— Required action —
Filter these entries, keeping only lines that hold the word "imports".

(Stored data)
_ _ _

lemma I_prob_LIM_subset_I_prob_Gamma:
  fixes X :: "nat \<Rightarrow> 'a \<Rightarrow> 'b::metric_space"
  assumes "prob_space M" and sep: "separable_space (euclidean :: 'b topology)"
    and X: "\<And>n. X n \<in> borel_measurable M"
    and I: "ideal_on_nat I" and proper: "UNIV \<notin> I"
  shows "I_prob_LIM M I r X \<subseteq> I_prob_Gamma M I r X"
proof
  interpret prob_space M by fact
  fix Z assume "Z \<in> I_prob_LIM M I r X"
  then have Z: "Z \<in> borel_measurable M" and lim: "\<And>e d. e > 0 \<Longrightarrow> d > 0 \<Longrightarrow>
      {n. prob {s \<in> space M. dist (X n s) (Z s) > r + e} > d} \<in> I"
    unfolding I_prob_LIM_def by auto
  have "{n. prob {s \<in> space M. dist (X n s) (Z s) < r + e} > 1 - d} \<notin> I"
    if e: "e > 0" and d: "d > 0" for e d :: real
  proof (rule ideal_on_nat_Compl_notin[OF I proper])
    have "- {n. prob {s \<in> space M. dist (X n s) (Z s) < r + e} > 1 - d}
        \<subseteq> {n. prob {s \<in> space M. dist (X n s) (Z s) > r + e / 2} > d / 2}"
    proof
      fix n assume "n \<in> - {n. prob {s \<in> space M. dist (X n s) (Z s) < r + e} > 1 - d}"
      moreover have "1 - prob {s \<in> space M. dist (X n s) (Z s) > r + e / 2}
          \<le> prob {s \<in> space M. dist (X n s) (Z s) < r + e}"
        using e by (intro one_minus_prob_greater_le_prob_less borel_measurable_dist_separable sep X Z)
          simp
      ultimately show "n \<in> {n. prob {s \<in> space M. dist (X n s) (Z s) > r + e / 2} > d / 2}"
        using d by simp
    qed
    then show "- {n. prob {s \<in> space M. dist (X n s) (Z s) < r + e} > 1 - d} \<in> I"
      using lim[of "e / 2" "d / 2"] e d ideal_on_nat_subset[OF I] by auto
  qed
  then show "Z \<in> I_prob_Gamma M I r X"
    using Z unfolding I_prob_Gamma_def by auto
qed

_ _ _

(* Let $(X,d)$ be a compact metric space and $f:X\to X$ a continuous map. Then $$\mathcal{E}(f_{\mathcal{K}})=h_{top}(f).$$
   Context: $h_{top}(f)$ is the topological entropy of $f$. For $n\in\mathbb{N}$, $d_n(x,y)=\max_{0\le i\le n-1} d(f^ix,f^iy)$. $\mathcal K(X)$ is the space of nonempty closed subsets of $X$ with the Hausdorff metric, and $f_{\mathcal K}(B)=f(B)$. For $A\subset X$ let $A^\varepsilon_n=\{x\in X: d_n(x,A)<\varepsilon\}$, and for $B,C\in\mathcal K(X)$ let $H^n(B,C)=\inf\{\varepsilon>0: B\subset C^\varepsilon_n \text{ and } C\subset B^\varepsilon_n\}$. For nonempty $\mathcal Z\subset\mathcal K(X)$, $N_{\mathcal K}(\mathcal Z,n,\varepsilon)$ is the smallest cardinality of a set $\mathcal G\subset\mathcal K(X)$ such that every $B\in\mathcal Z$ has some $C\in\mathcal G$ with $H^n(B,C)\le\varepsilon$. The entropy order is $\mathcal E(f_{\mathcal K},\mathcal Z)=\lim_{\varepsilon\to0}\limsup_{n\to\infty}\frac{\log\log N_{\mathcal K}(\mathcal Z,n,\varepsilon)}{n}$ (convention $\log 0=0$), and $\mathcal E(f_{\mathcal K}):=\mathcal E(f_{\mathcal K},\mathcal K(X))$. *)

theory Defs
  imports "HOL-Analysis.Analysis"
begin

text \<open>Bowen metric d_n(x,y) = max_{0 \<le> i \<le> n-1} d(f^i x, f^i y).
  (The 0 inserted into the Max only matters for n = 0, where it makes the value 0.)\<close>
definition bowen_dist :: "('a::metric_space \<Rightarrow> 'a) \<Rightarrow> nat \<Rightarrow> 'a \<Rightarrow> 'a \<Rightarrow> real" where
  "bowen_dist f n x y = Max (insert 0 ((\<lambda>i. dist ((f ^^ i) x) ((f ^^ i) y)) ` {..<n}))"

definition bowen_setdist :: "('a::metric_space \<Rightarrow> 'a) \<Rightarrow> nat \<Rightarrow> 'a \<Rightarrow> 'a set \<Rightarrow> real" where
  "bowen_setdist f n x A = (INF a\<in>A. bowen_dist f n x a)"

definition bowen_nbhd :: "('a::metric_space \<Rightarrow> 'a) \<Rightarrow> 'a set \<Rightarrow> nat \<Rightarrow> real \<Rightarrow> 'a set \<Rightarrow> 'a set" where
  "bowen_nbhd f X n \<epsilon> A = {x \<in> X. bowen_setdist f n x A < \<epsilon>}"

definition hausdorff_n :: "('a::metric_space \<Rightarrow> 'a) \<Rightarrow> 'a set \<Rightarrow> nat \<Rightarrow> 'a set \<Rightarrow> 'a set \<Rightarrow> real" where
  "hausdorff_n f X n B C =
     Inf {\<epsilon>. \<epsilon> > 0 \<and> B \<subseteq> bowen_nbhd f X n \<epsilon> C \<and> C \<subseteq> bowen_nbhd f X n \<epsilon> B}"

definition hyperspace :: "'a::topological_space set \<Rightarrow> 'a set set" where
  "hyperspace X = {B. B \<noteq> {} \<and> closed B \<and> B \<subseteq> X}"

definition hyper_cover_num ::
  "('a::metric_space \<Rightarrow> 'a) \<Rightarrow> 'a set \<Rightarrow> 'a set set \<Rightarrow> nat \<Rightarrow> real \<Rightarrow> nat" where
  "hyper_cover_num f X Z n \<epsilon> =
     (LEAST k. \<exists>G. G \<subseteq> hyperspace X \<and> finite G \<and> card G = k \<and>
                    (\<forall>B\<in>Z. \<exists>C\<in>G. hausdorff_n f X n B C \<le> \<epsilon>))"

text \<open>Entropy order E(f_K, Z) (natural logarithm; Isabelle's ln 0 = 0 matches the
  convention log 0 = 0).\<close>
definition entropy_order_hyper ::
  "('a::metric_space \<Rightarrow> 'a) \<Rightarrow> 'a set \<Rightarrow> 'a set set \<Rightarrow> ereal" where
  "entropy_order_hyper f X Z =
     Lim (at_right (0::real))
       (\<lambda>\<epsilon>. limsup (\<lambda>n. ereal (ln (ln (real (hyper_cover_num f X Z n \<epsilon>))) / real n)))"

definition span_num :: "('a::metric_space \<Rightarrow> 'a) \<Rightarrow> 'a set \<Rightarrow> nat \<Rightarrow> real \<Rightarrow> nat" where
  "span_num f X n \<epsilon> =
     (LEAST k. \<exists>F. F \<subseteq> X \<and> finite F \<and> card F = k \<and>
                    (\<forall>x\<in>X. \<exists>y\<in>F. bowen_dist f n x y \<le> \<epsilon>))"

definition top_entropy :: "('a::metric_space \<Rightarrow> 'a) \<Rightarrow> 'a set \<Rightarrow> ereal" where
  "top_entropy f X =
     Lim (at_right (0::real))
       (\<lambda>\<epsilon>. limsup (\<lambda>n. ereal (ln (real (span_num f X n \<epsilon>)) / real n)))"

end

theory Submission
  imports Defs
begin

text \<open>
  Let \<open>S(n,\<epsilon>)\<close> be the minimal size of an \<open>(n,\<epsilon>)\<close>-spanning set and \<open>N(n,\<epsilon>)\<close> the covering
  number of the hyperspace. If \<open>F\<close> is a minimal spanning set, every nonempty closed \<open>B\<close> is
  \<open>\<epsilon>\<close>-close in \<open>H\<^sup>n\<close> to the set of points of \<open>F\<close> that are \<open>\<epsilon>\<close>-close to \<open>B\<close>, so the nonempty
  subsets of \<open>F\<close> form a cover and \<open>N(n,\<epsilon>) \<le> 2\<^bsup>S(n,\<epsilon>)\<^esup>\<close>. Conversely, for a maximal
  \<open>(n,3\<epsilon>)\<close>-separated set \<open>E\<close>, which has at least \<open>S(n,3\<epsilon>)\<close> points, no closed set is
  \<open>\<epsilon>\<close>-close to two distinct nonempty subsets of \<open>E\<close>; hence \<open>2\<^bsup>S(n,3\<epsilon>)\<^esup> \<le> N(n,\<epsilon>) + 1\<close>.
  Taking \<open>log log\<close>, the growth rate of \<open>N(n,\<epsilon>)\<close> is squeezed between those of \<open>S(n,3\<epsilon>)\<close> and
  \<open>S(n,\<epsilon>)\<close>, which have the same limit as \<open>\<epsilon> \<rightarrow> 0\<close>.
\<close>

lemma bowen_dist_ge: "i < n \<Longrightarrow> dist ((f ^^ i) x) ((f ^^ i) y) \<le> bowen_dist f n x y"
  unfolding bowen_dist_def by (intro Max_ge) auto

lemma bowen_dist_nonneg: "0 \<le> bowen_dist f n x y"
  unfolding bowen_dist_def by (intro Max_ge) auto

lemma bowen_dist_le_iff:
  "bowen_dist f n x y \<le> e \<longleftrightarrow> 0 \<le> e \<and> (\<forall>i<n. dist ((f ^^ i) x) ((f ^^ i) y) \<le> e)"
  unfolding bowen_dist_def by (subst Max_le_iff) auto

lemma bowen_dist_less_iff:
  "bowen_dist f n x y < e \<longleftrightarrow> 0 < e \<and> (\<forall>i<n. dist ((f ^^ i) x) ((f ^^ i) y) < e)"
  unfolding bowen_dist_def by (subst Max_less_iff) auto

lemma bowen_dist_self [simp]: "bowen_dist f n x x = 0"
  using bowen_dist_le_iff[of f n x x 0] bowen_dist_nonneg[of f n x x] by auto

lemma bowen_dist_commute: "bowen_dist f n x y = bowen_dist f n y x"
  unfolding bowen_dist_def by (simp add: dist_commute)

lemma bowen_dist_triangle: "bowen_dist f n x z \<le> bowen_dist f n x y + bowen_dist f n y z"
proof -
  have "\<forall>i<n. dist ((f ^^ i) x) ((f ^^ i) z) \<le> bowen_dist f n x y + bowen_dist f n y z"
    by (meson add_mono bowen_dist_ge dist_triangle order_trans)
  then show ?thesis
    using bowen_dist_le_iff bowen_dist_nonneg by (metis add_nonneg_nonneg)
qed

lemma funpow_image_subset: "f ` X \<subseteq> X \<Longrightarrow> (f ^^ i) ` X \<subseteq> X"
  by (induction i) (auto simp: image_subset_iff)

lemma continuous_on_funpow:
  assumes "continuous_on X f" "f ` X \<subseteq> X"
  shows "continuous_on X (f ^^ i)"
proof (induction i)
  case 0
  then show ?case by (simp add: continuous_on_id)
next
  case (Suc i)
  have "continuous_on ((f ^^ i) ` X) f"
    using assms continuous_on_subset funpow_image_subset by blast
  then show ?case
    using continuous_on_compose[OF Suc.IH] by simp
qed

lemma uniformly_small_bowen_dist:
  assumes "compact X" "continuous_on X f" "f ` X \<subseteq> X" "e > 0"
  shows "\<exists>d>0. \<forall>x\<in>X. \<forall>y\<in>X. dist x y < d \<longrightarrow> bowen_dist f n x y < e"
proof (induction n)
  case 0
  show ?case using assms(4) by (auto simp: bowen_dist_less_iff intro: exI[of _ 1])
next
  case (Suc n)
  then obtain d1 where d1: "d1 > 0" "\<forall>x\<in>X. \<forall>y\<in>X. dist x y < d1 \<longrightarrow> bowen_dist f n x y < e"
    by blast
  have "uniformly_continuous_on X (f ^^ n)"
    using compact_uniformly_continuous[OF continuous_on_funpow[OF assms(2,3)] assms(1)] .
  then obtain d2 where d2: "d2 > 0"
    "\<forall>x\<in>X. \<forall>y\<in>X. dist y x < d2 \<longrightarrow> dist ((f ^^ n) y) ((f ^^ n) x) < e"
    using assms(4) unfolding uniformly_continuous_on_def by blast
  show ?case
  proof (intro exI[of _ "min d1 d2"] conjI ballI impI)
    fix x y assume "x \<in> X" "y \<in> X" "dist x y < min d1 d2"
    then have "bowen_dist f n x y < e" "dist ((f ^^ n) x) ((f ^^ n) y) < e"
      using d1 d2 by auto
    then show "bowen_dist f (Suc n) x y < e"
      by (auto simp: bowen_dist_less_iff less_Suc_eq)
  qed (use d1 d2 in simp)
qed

_ _ _

— Completed exercise —
  imports "HOL-Analysis.Analysis"
  imports Defs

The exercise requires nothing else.